握っている手にギュッと力を込め、美紀はまた微笑む。『変な男の人』だという認識があるのは少し心外だが『悪い人じゃない』という認識もされているらしい…。彼はそれを知り、安心したように息をつく。

 

 

 

美紀「………そろそろ戻りますか」

 

「あぁ、そうだね」

 

来た道を振り返って見れば、ここまで並んで歩いてきた二人の足跡が浜辺に伸びている…。こうして見ると、結構な距離を歩いてきたものだ。なんて事を思いながら、二人はその足跡をなぞるようにして、来た道を戻っていく。

 

 

 

 

美紀「先輩の彼女になる人って、どんな人なんでしょうね」

 

「あ~、どんな人でしょうねぇ~…」

 

美紀「…先輩の方こそ、変な女の人に捕まらないで下さいよ?」

 

「大丈夫大丈夫。人を見る目だけはある…ハズなんで」

 

美紀「………ならいいですけど」

 

本当に大丈夫なのだろうか…。彼の頼りない返事を聞き、美紀は少し不安になる。由紀や胡桃など、良い人だと分かっている女性と付き合うなら問題ない。しかし、美紀がちっとも知らない…それでいて見るからに怪しい女を、彼が彼女として迎えたりしたら……

 

 

 

美紀(なんか…嫌だな…)

 

考えるだけで、繋ぐ手に自然と力が入る…。彼はただの先輩…ただの友達なのに、何故こんな気持ちになるのだろう…。美紀自身、本当はその答えに気付いていた。

 

 

 

美紀「………はぁ」

 

「どうした?ため息なんかついて…」

 

美紀「…いいえ、別になんでもないですよ。

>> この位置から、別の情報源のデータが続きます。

(* Let $\mathcal{X}$ be an input space and $X$ a random input in $\mathcal{X}$. Let $u_1,\dots,u_K$ be fixed probability densities on $[0,1]$ and $\gamma,\rho:\mathcal{X}\to\{1,\dots,K\}$ fixed maps. Let $S\in[0,1]$ and $C\in[0,1]$ be random variables such that conditionally on $X=x$, $S$ has density $u_{\gamma(x)}$, $C$ has density $u_{\rho(x)}$, and $S$ and $C$ are conditionally independent given $X$. Let $Y=\mathbf{1}[C\ge \tfrac12]$. Let $x_1,\dots,x_N$ be i.i.d. copies of $X$, let $I_1,\dots,I_M$ be intervals partitioning $[0,1]$, and fix $m$ with $P(S\in I_m)>0$. Define $$\hat r_m=\frac{\frac1N\sum_{n=1}^N P(S\in I_m\mid X=x_n)\,P(C\ge \tfrac12\mid X=x_n)}{\frac1N\sum_{n=1}^N P(S\in I_m\mid X=x_n)}.$$ Then $\hat r_m$ is a consistent estimator of $\mathbb{E}[Y\mid S\in I_m]$ as $N\to\infty$.
   Context: This models calibration estimation with uncertain ground-truth labels: instead of binary labels, one observes for each sample a confidence distribution $u_{\rho(x_n)}$ (from a certainty phrase in the ground-truth text), and the latent label is $Y=\mathbf{1}[C\ge 1/2]$ with $C$ drawn from that distribution. Here $P(S\in I_m\mid X=x_n)=\int_{I_m}u_{\gamma(x_n)}(s)\,ds$ and $P(C\ge\tfrac12\mid X=x_n)=\int_{1/2}^1 u_{\rho(x_n)}(c)\,dc$. *)

theory Defs
  imports "HOL-Probability.Probability"
begin

definition density_on_unit :: "(real \<Rightarrow> real) \<Rightarrow> bool" where
  "density_on_unit f \<longleftrightarrow> f \<in> borel_measurable borel \<and> (\<forall>s. 0 \<le> f s)
     \<and> set_integrable lborel {0..1} f \<and> (LBINT s:{0..1}. f s) = 1"

text \<open>P(S in J | X = x) for a set J (S has conditional density u (gam x) on [0,1]).\<close>
definition cond_prob_S :: "(nat \<Rightarrow> real \<Rightarrow> real) \<Rightarrow> ('x \<Rightarrow> nat) \<Rightarrow> real set \<Rightarrow> 'x \<Rightarrow> real" where
  "cond_prob_S u gam J x = (LBINT s:(J \<inter> {0..1}). u (gam x) s)"

definition cond_prob_Cpos :: "(nat \<Rightarrow> real \<Rightarrow> real) \<Rightarrow> ('x \<Rightarrow> nat) \<Rightarrow> 'x \<Rightarrow> real" where
  "cond_prob_Cpos u rho x = (LBINT c:{1/2..1}. u (rho x) c)"

definition r_hat :: "(nat \<Rightarrow> real \<Rightarrow> real) \<Rightarrow> ('x \<Rightarrow> nat) \<Rightarrow> ('x \<Rightarrow> nat) \<Rightarrow> real set
    \<Rightarrow> (nat \<Rightarrow> 'x) \<Rightarrow> nat \<Rightarrow> real" where
  "r_hat u gam rho J xs N =
     ((1 / real N) * (\<Sum>n<N. cond_prob_S u gam J (xs n) * cond_prob_Cpos u rho (xs n)))
     / ((1 / real N) * (\<Sum>n<N. cond_prob_S u gam J (xs n)))"

definition label_Y :: "('w \<Rightarrow> real) \<Rightarrow> 'w \<Rightarrow> real" where
  "label_Y C w = (if C w \<ge> 1/2 then 1 else 0)"

definition cond_exp_Y_given_bin :: "'w measure \<Rightarrow> ('w \<Rightarrow> real) \<Rightarrow> ('w \<Rightarrow> real) \<Rightarrow> real set \<Rightarrow> real" where
  "cond_exp_Y_given_bin M S C J =
     (\<integral>w. indicator {w \<in> space M. S w \<in> J} w * label_Y C w \<partial>M) / measure M {w \<in> space M. S w \<in> J}"

end

theory Submission
  imports Defs "HOL-Real_Asymp.Real_Asymp"
begin

text \<open>
  Conditional independence of S and C given X turns the bin probability P(S \<in> I_m) and the
  joint probability P(S \<in> I_m, C \<ge> 1/2) into the expectations E[a(X)] and E[a(X) b(X)], where
  a and b are the conditional probabilities in the numerator and denominator of \<open>r_hat\<close>.
  Both are sample means of i.i.d. variables with values in [0,1], so Hoeffding's inequality makes
  them converge in probability; since E[a(X)] = P(S \<in> I_m) > 0, so does their quotient.
\<close>

definition tendsto_in_prob :: "'w measure \<Rightarrow> (nat \<Rightarrow> 'w \<Rightarrow> real) \<Rightarrow> real \<Rightarrow> bool" where
  "tendsto_in_prob M Z c \<longleftrightarrow>
     (\<forall>e>0. (\<lambda>N. measure M {w \<in> space M. \<bar>Z N w - c\<bar> > e}) \<longlonglongrightarrow> 0)"

lemma tendsto_in_prob_sample_mean:
  fixes M :: "'w measure" and Xsp :: "'x measure" and h :: "'x \<Rightarrow> real"
  assumes P: "prob_space M"
    and X_meas: "X \<in> measurable M Xsp"
    and Xs_meas: "\<And>n. Xs n \<in> measurable M Xsp"
    and Xs_indep: "prob_space.indep_vars M (\<lambda>_. Xsp) Xs UNIV"
    and Xs_dist: "\<And>n. distr M Xsp (Xs n) = distr M Xsp X"
    and h_meas: "h \<in> borel_measurable Xsp"
    and h_range: "\<And>x. x \<in> space Xsp \<Longrightarrow> h x \<in> {a..b}" and ab: "a < b"
  shows "tendsto_in_prob M (\<lambda>N w. (\<Sum>n<N. h (Xs n w)) / real N) (\<integral>x. h x \<partial>distr M Xsp X)"
  unfolding tendsto_in_prob_def
proof (intro allI impI)
  fix e :: real assume e: "e > 0"
  interpret prob_space M by (rule P)
  let ?\<mu> = "\<integral>x. h x \<partial>distr M Xsp X"
  let ?dev = "\<lambda>N w. \<bar>(\<Sum>n<N. h (Xs n w)) / real N - ?\<mu>\<bar>"
  have \<mu>: "?\<mu> = expectation (\<lambda>w. h (X w))"
    by (rule integral_distr[OF X_meas h_meas])
  have indep: "indep_vars (\<lambda>_. borel) (\<lambda>n w. h (Xs n w)) UNIV"
    by (rule indep_vars_compose2[OF Xs_indep]) (use h_meas in auto)
  have distr_h: "distr M borel (\<lambda>w. h (Y w)) = distr (distr M Xsp Y) borel h"
    if "Y \<in> measurable M Xsp" for Y
    using distr_distr[OF h_meas that] by (simp add: comp_def)
  have Hoeffding: "measure M {w \<in> space M. ?dev N w \<ge> e} \<le> 2 * exp (-2 * real N * e\<^sup>2 / (b - a)\<^sup>2)"
    if N: "N > 0" for N
  proof -
    interpret Hoeffding_ineq_iid M "{..<N}" "\<lambda>n w. h (Xs n w)" "\<lambda>w. h (X w)" a b
      "expectation (\<lambda>w. h (X w))"
    proof unfold_locales
      show "indep_vars (\<lambda>_. borel) (\<lambda>n w. h (Xs n w)) {..<N}"
        by (rule indep_vars_subset[OF indep]) auto
      show "distr M borel (\<lambda>w. h (Xs i w)) = distr M borel (\<lambda>w. h (X w))" for i
        by (simp add: distr_h[OF Xs_meas] distr_h[OF X_meas] Xs_dist)
      show "random_variable borel (\<lambda>w. h (X w))"
        using measurable_compose[OF X_meas h_meas] by (simp add: comp_def)
      show "AE w in M. h (X w) \<in> {a..b}"
        using h_range measurable_space[OF X_meas] by auto
    qed simp_all
    show ?thesis
      using Hoeffding_ineq_abs_ge'[of e] e ab N by (simp add: \<mu> lessThan_empty_iff)
  qed
  have bound_lim: "(\<lambda>N. 2 * exp (-2 * real N * e\<^sup>2 / (b - a)\<^sup>2)) \<longlonglongrightarrow> 0"
    using e ab by real_asymp
  note [measurable] = Xs_meas
  have strict_le: "measure M {w \<in> space M. ?dev N w > e} \<le> measure M {w \<in> space M. ?dev N w \<ge> e}"
    for N using h_meas by (intro finite_measure_mono) auto
  have "eventually (\<lambda>N. measure M {w \<in> space M. ?dev N w > e}
      \<le> 2 * exp (-2 * real N * e\<^sup>2 / (b - a)\<^sup>2)) sequentially"
    using eventually_gt_at_top[of 0]
    by eventually_elim (rule order_trans[OF strict_le Hoeffding])
  then show "(\<lambda>N. measure M {w \<in> space M. ?dev N w > e}) \<longlonglongrightarrow> 0"
    by (intro tendsto_sandwich[OF _ _ tendsto_const bound_lim]) auto
qed

lemma abs_divide_diff_le:
  fixes A B al be d e :: real
  assumes be: "be \<noteq> 0" and hA: "\<bar>A - al\<bar> \<le> d" and hB: "\<bar>B - be\<bar> \<le> d"
    and d_half: "d \<le> \<bar>be\<bar> / 2" and d_small: "d * (\<bar>be\<bar> + \<bar>al\<bar>) \<le> e * be\<^sup>2 / 2"
  shows "\<bar>A / B - al / be\<bar> \<le> e"
proof -
  have B: "\<bar>B\<bar> \<ge> \<bar>be\<bar> / 2" using hB d_half by linarith
  then have "B \<noteq> 0" using be by auto
  then have eq: "A / B - al / be = ((A - al) * be - al * (B - be)) / (B * be)"
    using be by (simp add: field_simps)
  have "\<bar>(A - al) * be - al * (B - be)\<bar> \<le> \<bar>A - al\<bar> * \<bar>be\<bar> + \<bar>al\<bar> * \<bar>B - be\<bar>"
    by (metis abs_mult abs_triangle_ineq4)
  also have "\<dots> \<le> d * \<bar>be\<bar> + \<bar>al\<bar> * d"
    using hA hB by (intro add_mono mult_right_mono mult_left_mono) auto
  also have "\<dots> = d * (\<bar>be\<bar> + \<bar>al\<bar>)"
    by (simp add: algebra_simps)
  finally have num: "\<bar>(A - al) * be - al * (B - be)\<bar> \<le> e * be\<^sup>2 / 2"
    using d_small by linarith
  have den: "\<bar>B * be\<bar> \<ge> be\<^sup>2 / 2"
    using mult_right_mono[OF B abs_ge_zero[of be]] by (simp add: abs_mult power2_eq_square)
  have "\<bar>A / B - al / be\<bar> \<le> (e * be\<^sup>2 / 2) / (be\<^sup>2 / 2)"
    unfolding eq abs_divide using num den be order_trans[OF abs_ge_zero num] by (intro frac_le) auto
  also have "\<dots> = e" using be by simp
  finally show ?thesis .
qed

lemma tendsto_in_prob_divide:
  fixes M :: "'w measure" and A B :: "nat \<Rightarrow> 'w \<Rightarrow> real"
  assumes "finite_measure M"
    and A_meas [measurable]: "\<And>N. A N \<in> borel_measurable M"
    and B_meas [measurable]: "\<And>N. B N \<in> borel_measurable M"
    and A: "tendsto_in_prob M A al" and B: "tendsto_in_prob M B be" and be: "be \<noteq> 0"
  shows "tendsto_in_prob M (\<lambda>N w. A N w / B N w) (al / be)"
  unfolding tendsto_in_prob_def
proof (intro allI impI)
  fix e :: real assume e: "e > 0"
  interpret finite_measure M by fact
  define d where "d = min (\<bar>be\<bar> / 2) (e * be\<^sup>2 / (2 * (\<bar>be\<bar> + \<bar>al\<bar>)))"
  have d: "d > 0" using be e by (simp add: d_def)
  have d_half: "d \<le> \<bar>be\<bar> / 2" unfolding d_def by (rule min.cobounded1)
  have d_small: "d * (\<bar>be\<bar> + \<bar>al\<bar>) \<le> e * be\<^sup>2 / 2"
  proof -
    have "d * (\<bar>be\<bar> + \<bar>al\<bar>) \<le> e * be\<^sup>2 / (2 * (\<bar>be\<bar> + \<bar>al\<bar>)) * (\<bar>be\<bar> + \<bar>al\<bar>)"
      unfolding d_def by (intro mult_right_mono) auto
    also have "\<dots> = e * be\<^sup>2 / 2" using be by (simp add: field_simps)
    finally show ?thesis .
  qed
  let ?bad = "\<lambda>Z c N. {w \<in> space M. \<bar>Z N w - c\<bar> > d}"
  have "w \<in> ?bad A al N \<union> ?bad B be N"
    if w: "w \<in> {w \<in> space M. \<bar>A N w / B N w - al / be\<bar> > e}" for w N
  proof (rule ccontr)
    assume "w \<notin> ?bad A al N \<union> ?bad B be N"
    with w have "\<bar>A N w - al\<bar> \<le> d" "\<bar>B N w - be\<bar> \<le> d" by auto
    from abs_divide_diff_le[OF be this d_half d_small] w show False by auto
  qed
  then have bound: "measure M {w \<in> space M. \<bar>A N w / B N w - al / be\<bar> > e}
      \<le> measure M (?bad A al N) + measure M (?bad B be N)" for N
    by (intro order_trans[OF finite_measure_mono measure_Un_le]) (auto simp del: Un_iff)
  have "(\<lambda>N. measure M (?bad A al N) + measure M (?bad B be N)) \<longlonglongrightarrow> 0"
    using tendsto_add[OF A[unfolded tendsto_in_prob_def, rule_format, OF d]
        B[unfolded tendsto_in_prob_def, rule_format, OF d]] by simp
  then show "(\<lambda>N. measure M {w \<in> space M. \<bar>A N w / B N w - al / be\<bar> > e}) \<longlonglongrightarrow> 0"
    by (rule tendsto_sandwich[rotated 2, OF tendsto_const]) (auto intro: always_eventually bound)
qed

ただ、先輩のこれからが心配なだけです」

 

「どういうこと…?」

 

美紀はプイッと顔を背け、歩きの速度を上げる。彼と手を繋いだまま、なに食わぬ表情で、浜辺の上をスタスタと…。

 

 

 

美紀「海、本当に綺麗だなぁ……」

 

月明かりに照らされ、キラキラと輝く海…。それを見て、美紀は思った…。またこの光景を、大切な人と一緒に眺めながら歩きたい。そしてその時、自分の隣に立つ大切な人は…出来ることなら………

 

 

 

 

美紀「……先輩」

 

「はいはい、何ですか?」

 

 

美紀「…いえ、呼んでみただけです」

 

「あぁ、そう?」

 

自分がもっと素直になれば、いつかそんな日も来るのだろうか…。いや、来たら来たで、何だか照れくさい…。だから今はまだ、この距離感を保ったままで…。隣で不思議そうに首を傾げる一人の先輩見つめ、美紀はニッコリと微笑んだ…。

 

 

 




今回はみーくん回となりましたが、楽しんでもらえたでしょうか?(*^_^*)
夜の浜辺を、みーくんと(手を繋ぎながら)歩く…。